By Marie Grundy, Managing Director, Second Charge Mortgages, West One Loans
Before the Covid pandemic took hold, the second charge mortgage market was growing at a strong and steady pace with record sales.
For 19 consecutive months up until March 2020, new business volumes saw double-digit percentage year-on-year growth each month.
Like all mortgage lending, second charge dropped dramatically in April 2020 as the first lockdown paid a heavy price on people’s ability to borrow.
To put it into context, the peak month for new lending was October 2019 with 2,657 new loans issued to the value of £118m. This fell to a low in May 2020 of 486 new loans valued at £21m, according to the Finance & Leasing Association (FLA).
After this, monthly lending rose but dropped slightly in the traditionally slow months of December 2020 and January 2021.
The latest figures are for May 2021 and show new business volumes up by 12% in the first five months of this year. There were 1,910 new loans issued in May worth £84m.
We have seen business steadily rising since the end of the first lockdown and June 2021 was a bumper month for us. I expect the next FLA figures to be higher, reflecting our own experience.
Different types of borrowers
It has been an interesting few months and we are seeing different types of borrowers coming through, as people’s needs have changed due to the pandemic.
Debt consolidation has always played a key part in the second charge market and that is still very much the case.
But a new dynamic, and a definite consequence of the pandemic, is the desire for people to have homes they can both comfortably live and work in. We have therefore seen a rise in people wanting to make home improvements and take out larger loans to pay for extensions to accommodate an extra room, for example.
Bank of Mum and Dad
The influence of the stamp duty holiday on the housing market did not directly impact on second charge mortgages as they are not reliant on property transactions.

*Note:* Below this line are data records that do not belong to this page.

lemma objF_le_majorant:
  fixes \<rho> \<rho>' :: "real \<Rightarrow> real" and f :: "('a::{finite,linorder}, 'b::{finite,linorder}, 'c::{finite,linorder}) tensor \<Rightarrow> real"
    and V W :: "('a, 'b, 'c) tensor"
  assumes tangent: "\<And>x y. 0 \<le> x \<Longrightarrow> 0 \<le> y \<Longrightarrow> \<rho> y \<le> \<rho> x + \<rho>' x * (y - x)"
    and nonneg: "\<And>t. 0 \<le> t \<Longrightarrow> 0 \<le> \<rho> t" and deriv_nonneg: "\<And>t. 0 \<le> t \<Longrightarrow> 0 \<le> \<rho>' t"
    and lam: "0 \<le> lam"
  defines "\<alpha> \<equiv> \<lambda>k. \<rho>' (\<Sum>i<min CARD('a) CARD('b). \<rho> (\<rho> (tsigma W k i)))"
    and "\<beta> \<equiv> \<lambda>k i. \<rho>' (\<rho> (tsigma W k i))"
  shows "objF \<rho> lam f V - objF \<rho> lam f W \<le> lam * (wfun \<rho> \<alpha> \<beta> V - wfun \<rho> \<alpha> \<beta> W) + f V - f W"
proof -
  let ?r = "min CARD('a) CARD('b)"
  have "\<rho> (\<Sum>i<?r. \<rho> (\<rho> (tsigma V k i))) - \<rho> (\<Sum>i<?r. \<rho> (\<rho> (tsigma W k i)))
      \<le> (\<Sum>i<?r. \<alpha> k * \<beta> k i * \<rho> (tsigma V k i)) - (\<Sum>i<?r. \<alpha> k * \<beta> k i * \<rho> (tsigma W k i))" for k
    using nested_concave_le_tangent[where \<sigma>="tsigma W k" and \<tau>="tsigma V k" and r="?r",
        OF tangent nonneg deriv_nonneg tsigma_nonneg tsigma_nonneg]
    by (simp add: \<alpha>_def \<beta>_def sum_subtractf right_diff_distrib)
  then have "(\<Sum>k\<in>UNIV. \<rho> (\<Sum>i<?r. \<rho> (\<rho> (tsigma V k i)))) - (\<Sum>k\<in>UNIV. \<rho> (\<Sum>i<?r. \<rho> (\<rho> (tsigma W k i))))
      \<le> wfun \<rho> \<alpha> \<beta> V - wfun \<rho> \<alpha> \<beta> W"
    unfolding wfun_def sum_subtractf[symmetric] by (intro sum_mono) simp
  from mult_left_mono[OF this lam] show ?thesis by (simp add: objF_def right_diff_distrib)
qed

lemma inertial_step_decrease:
  fixes F R f :: "'v::real_inner \<Rightarrow> real" and gf :: "'v \<Rightarrow> 'v"
  assumes grad: "\<And>W. (f has_derivative (\<lambda>H. gf W \<bullet> H)) (at W)"
    and lip: "\<And>V W. norm (gf V - gf W) \<le> L * norm (V - W)"
    and maj: "F x2 - F x1 \<le> R x2 - R x1 + f x2 - f x1"
    and opt: "R x2 + gf z \<bullet> (x2 - y) + \<mu> / 2 * (norm (x2 - y))\<^sup>2
      \<le> R x1 + gf z \<bullet> (x1 - y) + \<mu> / 2 * (norm (x1 - y))\<^sup>2"
    and y: "y = x1 + \<theta>1 *\<^sub>R (x1 - x0)" and z: "z = x1 + \<theta>2 *\<^sub>R (x1 - x0)"
    and L: "0 < L" and \<theta>1: "0 \<le> \<theta>1" "0 \<le> \<theta>1'" and \<theta>2: "0 \<le> \<theta>2" "\<theta>2 \<le> 1 / 2"
    and \<epsilon>: "0 < \<epsilon>" and den: "0 < 1 - \<theta>1 - \<theta>1' - \<epsilon>" and \<mu>': "\<mu>' \<le> \<mu>"
    and bound1: "\<theta>2 * L \<le> \<mu> * \<theta>1" and bound2: "(1 - \<theta>2) * L \<le> \<mu> * (1 - \<theta>1 - \<theta>1' - \<epsilon>)"
  shows "F x2 + \<mu>' * \<theta>1' / 2 * (norm (x2 - x1))\<^sup>2 - (F x1 + \<mu> * \<theta>1 / 2 * (norm (x1 - x0))\<^sup>2)
    \<le> - (\<epsilon> * L / 2) * (norm (x2 - x1))\<^sup>2"
proof -
  define D E where "D = x2 - x1" and "E = x1 - x0"
  define a b p where "a = (norm D)\<^sup>2" and "b = (norm E)\<^sup>2" and "p = D \<bullet> E"
  have sq: "(norm (D - s *\<^sub>R E))\<^sup>2 = a - 2 * s * p + s\<^sup>2 * b" for s
    unfolding a_def b_def p_def power2_norm_eq_inner
    by (simp add: inner_diff_left inner_diff_right inner_commute power2_eq_square algebra_simps)
  have "x2 - y = D - \<theta>1 *\<^sub>R E" "x1 - y = - (\<theta>1 *\<^sub>R E)" "x2 - z = D - \<theta>2 *\<^sub>R E" "x1 - z = - (\<theta>2 *\<^sub>R E)"
    by (simp_all add: D_def E_def y z)
  note diffs = this
  have "R x2 - R x1 \<le> - (gf z \<bullet> D) - \<mu> / 2 * a + \<mu> * \<theta>1 * p"
    using opt unfolding diffs sq by (simp add: inner_diff_right b_def power_mult_distrib algebra_simps)
  moreover have "f x2 - f x1 \<le> gf z \<bullet> D + L / 2 * a - L * \<theta>2 * p + L * \<theta>2\<^sup>2 * b"
    using lipschitz_gradient_upper_bound[OF grad lip, of x2 z] lipschitz_gradient_lower_bound[OF grad lip, of z x1]
    unfolding diffs sq by (simp add: inner_diff_right b_def power_mult_distrib algebra_simps)
  ultimately have basic: "F x2 - F x1 \<le> L / 2 * a - \<mu> / 2 * a + \<mu> * \<theta>1 * p - L * \<theta>2 * p + L * \<theta>2\<^sup>2 * b"
    using maj by linarith
  \<comment> \<open>Absorb the cross term by \<open>2 p \<le> a + b\<close>, which is where \<open>\<theta>2 * L \<le> \<mu> * \<theta>1\<close> is needed.\<close>
  have "0 \<le> (D - E) \<bullet> (D - E)" by simp
  then have "2 * p \<le> a + b"
    by (simp add: a_def b_def p_def power2_norm_eq_inner inner_diff_left inner_diff_right inner_commute)
  then have "(\<mu> * \<theta>1 - L * \<theta>2) * (2 * p) \<le> (\<mu> * \<theta>1 - L * \<theta>2) * (a + b)"
    using bound1 by (intro mult_left_mono) (simp_all add: mult.commute)
  moreover have "L * \<theta>2\<^sup>2 * b \<le> L * \<theta>2 / 2 * b"
  proof -
    have "\<theta>2\<^sup>2 \<le> \<theta>2 / 2" using mult_left_mono[OF \<theta>2(2) \<theta>2(1)] by (simp add: power2_eq_square)
    then have "L * \<theta>2\<^sup>2 \<le> L * (\<theta>2 / 2)" using L by (simp add: mult_left_mono)
    moreover have "0 \<le> b" by (simp add: b_def)
    ultimately show ?thesis using mult_right_mono by fastforce
  qed
  moreover have "L \<le> \<mu>"
  proof -
    have "0 < (1 - \<theta>2) * L" using \<theta>2 L by simp
    then have "0 < \<mu>" using bound2 den by (metis mult_nonpos_nonneg not_le order.strict_trans2 less_le)
    have "L \<le> \<mu> * (1 - \<theta>1' - \<epsilon>)" using bound1 bound2 by (simp add: algebra_simps)
    also have "\<dots> \<le> \<mu>" using \<open>0 < \<mu>\<close> \<theta>1 \<epsilon> by (simp add: algebra_simps)
    finally show ?thesis .
  qed
  then have "\<epsilon> * L + \<mu>' * \<theta>1' \<le> \<mu> * (\<epsilon> + \<theta>1')"
    using \<epsilon> mult_right_mono[OF \<mu>' \<theta>1(2)] by (simp add: distrib_left add_mono)
  then have "\<epsilon> * L * a + \<mu>' * \<theta>1' * a \<le> \<mu> * (\<epsilon> + \<theta>1') * a"
    using mult_right_mono[OF _ zero_le_power2[of "norm D"]] unfolding a_def by (metis distrib_right)
  moreover have "(1 - \<theta>2) * L * a \<le> \<mu> * (1 - \<theta>1 - \<theta>1' - \<epsilon>) * a"
    using bound2 by (simp add: a_def mult_right_mono)
  ultimately show ?thesis
    using basic unfolding a_def[symmetric] b_def[symmetric] D_def[symmetric] E_def[symmetric]
    by (simp add: algebra_simps)
qed
theorem mainTheorem12:
  fixes Ms :: "nat \<Rightarrow> 'w measure"
    and H :: "nat \<Rightarrow> 'w \<Rightarrow> nat \<Rightarrow> nat \<Rightarrow> complex"
    and \<phi> :: "nat \<Rightarrow> 'w \<Rightarrow> nat \<Rightarrow> nat \<Rightarrow> complex"
    and p P :: real and L :: nat and mus :: "nat \<Rightarrow> real"
    and D0 :: "real \<Rightarrow> real \<Rightarrow> nat"
    and \<tau> \<alpha> :: real and D K :: nat and a :: "nat \<Rightarrow> nat"
    and B \<psi> :: "nat \<Rightarrow> nat \<Rightarrow> complex" and \<beta> :: "nat \<Rightarrow> real"
  assumes params: "p > 0" "P > 0" "L \<ge> 1" "\<forall>k. mus k \<ge> 0"
    and prob: "\<forall>D'. prob_space (Ms D')"
    and meas_H: "\<forall>D' i j. (\<lambda>\<omega>. H D' \<omega> i j) \<in> borel_measurable (Ms D')"
    and herm_H: "\<forall>D'. \<forall>\<omega>\<in>space (Ms D'). hermitian D' (H D' \<omega>)"
    and S1_centered: "\<forall>D'. \<forall>i<D'. \<forall>j<D'. (\<integral>\<omega>. H D' \<omega> i j \<partial>Ms D') = 0"
    and S1_indep: "\<forall>D'. prob_space.indep_vars (Ms D') (\<lambda>_. borel)
                       (\<lambda>(i,j) \<omega>. H D' \<omega> i j) {(i,j). i \<le> j \<and> j < D'}"
    and S1_var: "\<forall>D'. \<forall>i<D'. \<forall>j<D'.
                   (\<integral>\<^sup>+ \<omega>. ennreal ((cmod (H D' \<omega> i j))\<^sup>2) \<partial>Ms D') \<le> ennreal (1 / real D')"
    and S2: "\<forall>D'. \<forall>i<D'. \<forall>j<D'. matpow D' (sigma2 (Ms D') (H D')) L i j \<ge> p / real D'"
    and S3: "\<forall>D'. dyson_bounded D' (sigma2 (Ms D') (H D')) P"
    and S4: "\<forall>D' k. \<forall>i<D'. \<forall>j<D'.
               (\<integral>\<^sup>+ \<omega>. ennreal ((cmod (H D' \<omega> i j)) ^ k) \<partial>Ms D')
                 \<le> ennreal (mus k * (sqrt (sigma2 (Ms D') (H D') i j)) ^ k)"
    and meas_phi: "\<forall>D' n j. (\<lambda>\<omega>. \<phi> D' \<omega> n j) \<in> borel_measurable (Ms D')"
    and eig_phi: "\<forall>D'. \<forall>\<omega>\<in>space (Ms D'). is_eigenbasis D' (H D' \<omega>) (\<phi> D' \<omega>)"
    and deloc: "\<forall>t>0. \<forall>s>0. \<forall>D'\<ge>D0 t s. \<forall>n<D'.
        measure (Ms D') {\<omega>\<in>space (Ms D'). sup_norm D' (\<phi> D' \<omega> n) > real D' powr (t - 1/2)}
          \<le> real D' powr (- s)"
    and tau: "\<tau> > 0" and alpha: "\<alpha> > 1" and DD0: "D \<ge> D0 \<tau> \<alpha>"
    and part: "macro_partition D K a"
    and herm_B: "hermitian D B"
    and eig_B: "is_eigendecomp D B \<psi> \<beta>"
  shows "\<exists>E\<in>sets (Ms D). measure (Ms D) E \<ge> 1 - real D powr (1 - \<alpha>) \<and>
     (\<forall>\<omega>\<in>E.
       (\<forall>\<mu><K.
          \<bar>Mmu D a (\<phi> D \<omega>) \<mu> B\<bar> \<ge>
            max (Min (real_eigenvalues D (pos_part D \<psi> \<beta>)))
                (Re (mtrace D (pos_part D \<psi> \<beta>)) / real (bdim a \<mu>)
                   * (1 - real (D - bdim a \<mu>) / real D powr (1 - 2 * \<tau>)))
            - min (Max (real_eigenvalues D (neg_part D \<psi> \<beta>)))
                  (Re (mtrace D (neg_part D \<psi> \<beta>)) / real (bdim a \<mu>))) \<and>
       (\<forall>\<mu><K. \<forall>\<nu><K.
          Mmu D a (\<phi> D \<omega>) \<mu> (proj a \<nu>) \<ge>
            real (bdim a \<nu>) / real (bdim a \<mu>) * (1 - real (D - bdim a \<mu>) / real D powr (1 - 2 * \<tau>)) \<and>
          Mmu D a (\<phi> D \<omega>) \<mu> (proj a \<nu>) \<ge>
            1 - real (D - bdim a \<nu>) / real D powr (1 - 2 * \<tau>)))"
proof -
  interpret M: prob_space "Ms D" using prob by blast
  define r where "r = real D powr (\<tau> - 1/2)"
  define \<epsilon> where "\<epsilon> = 1 / real D powr (1 - 2 * \<tau>)"
  define E where "E = {\<omega>\<in>space (Ms D). \<forall>n<D. \<forall>j<D. cmod (\<phi> D \<omega> n j) \<le> r}"
  have meas: "\<And>n j. (\<lambda>\<omega>. \<phi> D \<omega> n j) \<in> borel_measurable (Ms D)" using meas_phi by blast
  have E_sets: "E \<in> sets (Ms D)" unfolding E_def using meas by measurable
  have "1 - real D * real D powr (- \<alpha>) \<le> measure (Ms D) E"
    unfolding E_def r_def using deloc tau alpha DD0 by (intro M.prob_all_entries_le meas) auto
  then have E_prob: "1 - real D powr (1 - \<alpha>) \<le> measure (Ms D) E"
    by (cases "D = 0") (simp_all add: powr_diff powr_minus divide_inverse)
  have on: "orthonormal_family D (\<phi> D \<omega>)" if "\<omega> \<in> E" for \<omega>
    using that eig_phi unfolding E_def is_eigenbasis_def by blast
  have delocalized: "(cmod (\<phi> D \<omega> n j))\<^sup>2 \<le> \<epsilon>" if "\<omega> \<in> E" "n < D" "j < D" for \<omega> n j
    using that power_mono[of _ r 2] powr_minus_half_sq[of "real D" \<tau>]
    unfolding E_def r_def \<epsilon>_def by auto
  have \<epsilon>_scale: "real d * \<epsilon> = real d / real D powr (1 - 2 * \<tau>)" for d
    unfolding \<epsilon>_def by simp
  show ?thesis
    using E_sets E_prob on delocalized \<epsilon>_scale
      Mmu_observable_lower_bound[OF part _ eig_B, where \<epsilon> = \<epsilon>]
      Mmu_proj_lower_bounds[OF part, where \<epsilon> = \<epsilon>]
    by (intro bexI[of _ E]) (auto intro: order_trans[OF _ abs_ge_self])
qed

end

However, we did see a correlation as more parents were taking a second charge to gift money to their children. The main use for this money was for a deposit to help them get onto the property ladder and try to beat the stamp duty holiday deadline.
The money can also contribute towards a larger deposit to either bring down the LTV and therefore the rate or to afford a bigger home. Many parents would rather help their children now than make them wait for inheritance.
Rise in product transfers
I expect there will be less movement in the purchase market over the next few months now that the main stamp duty holiday is over. What we will see more of is remortgaging and product transfers (PT).
This is a great opportunity for brokers to save their clients’ money by considering a second charge mortgage. The PT market has been feeding into the rise of second charge lending, particularly if people want additional borrowing.
Staying with an existing lender on a good rate makes sense but if the borrower requires more money, the rate may increase. If they are on an interest-only mortgage they would likely have to move to a capital and repayment with the subsequent large rise in monthly payments.
Popularity of five-year fixed rates
Brokers should also be on the lookout for their clients who are on five-year fixed rates and want additional borrowing.
Five-year fixes are the most popular mortgage right now so if people do want to remortgage to raise more money, they will have to pay redemption penalties. An alternative that brokers could offer their clients is to keep the five-year fix and raise the required amount with a second charge mortgage.
There is also the benefit with second charge lending that the funds will be released quickly as there is usually no requirement for the borrower to appoint separate legal representation and desktop valuations can sometimes be accepted in lieu of a physical valuation.
Going forward I see a very healthy second charge market emerging and it wouldn’t surprise me to see double-digit percentage growth on a regular basis very soon.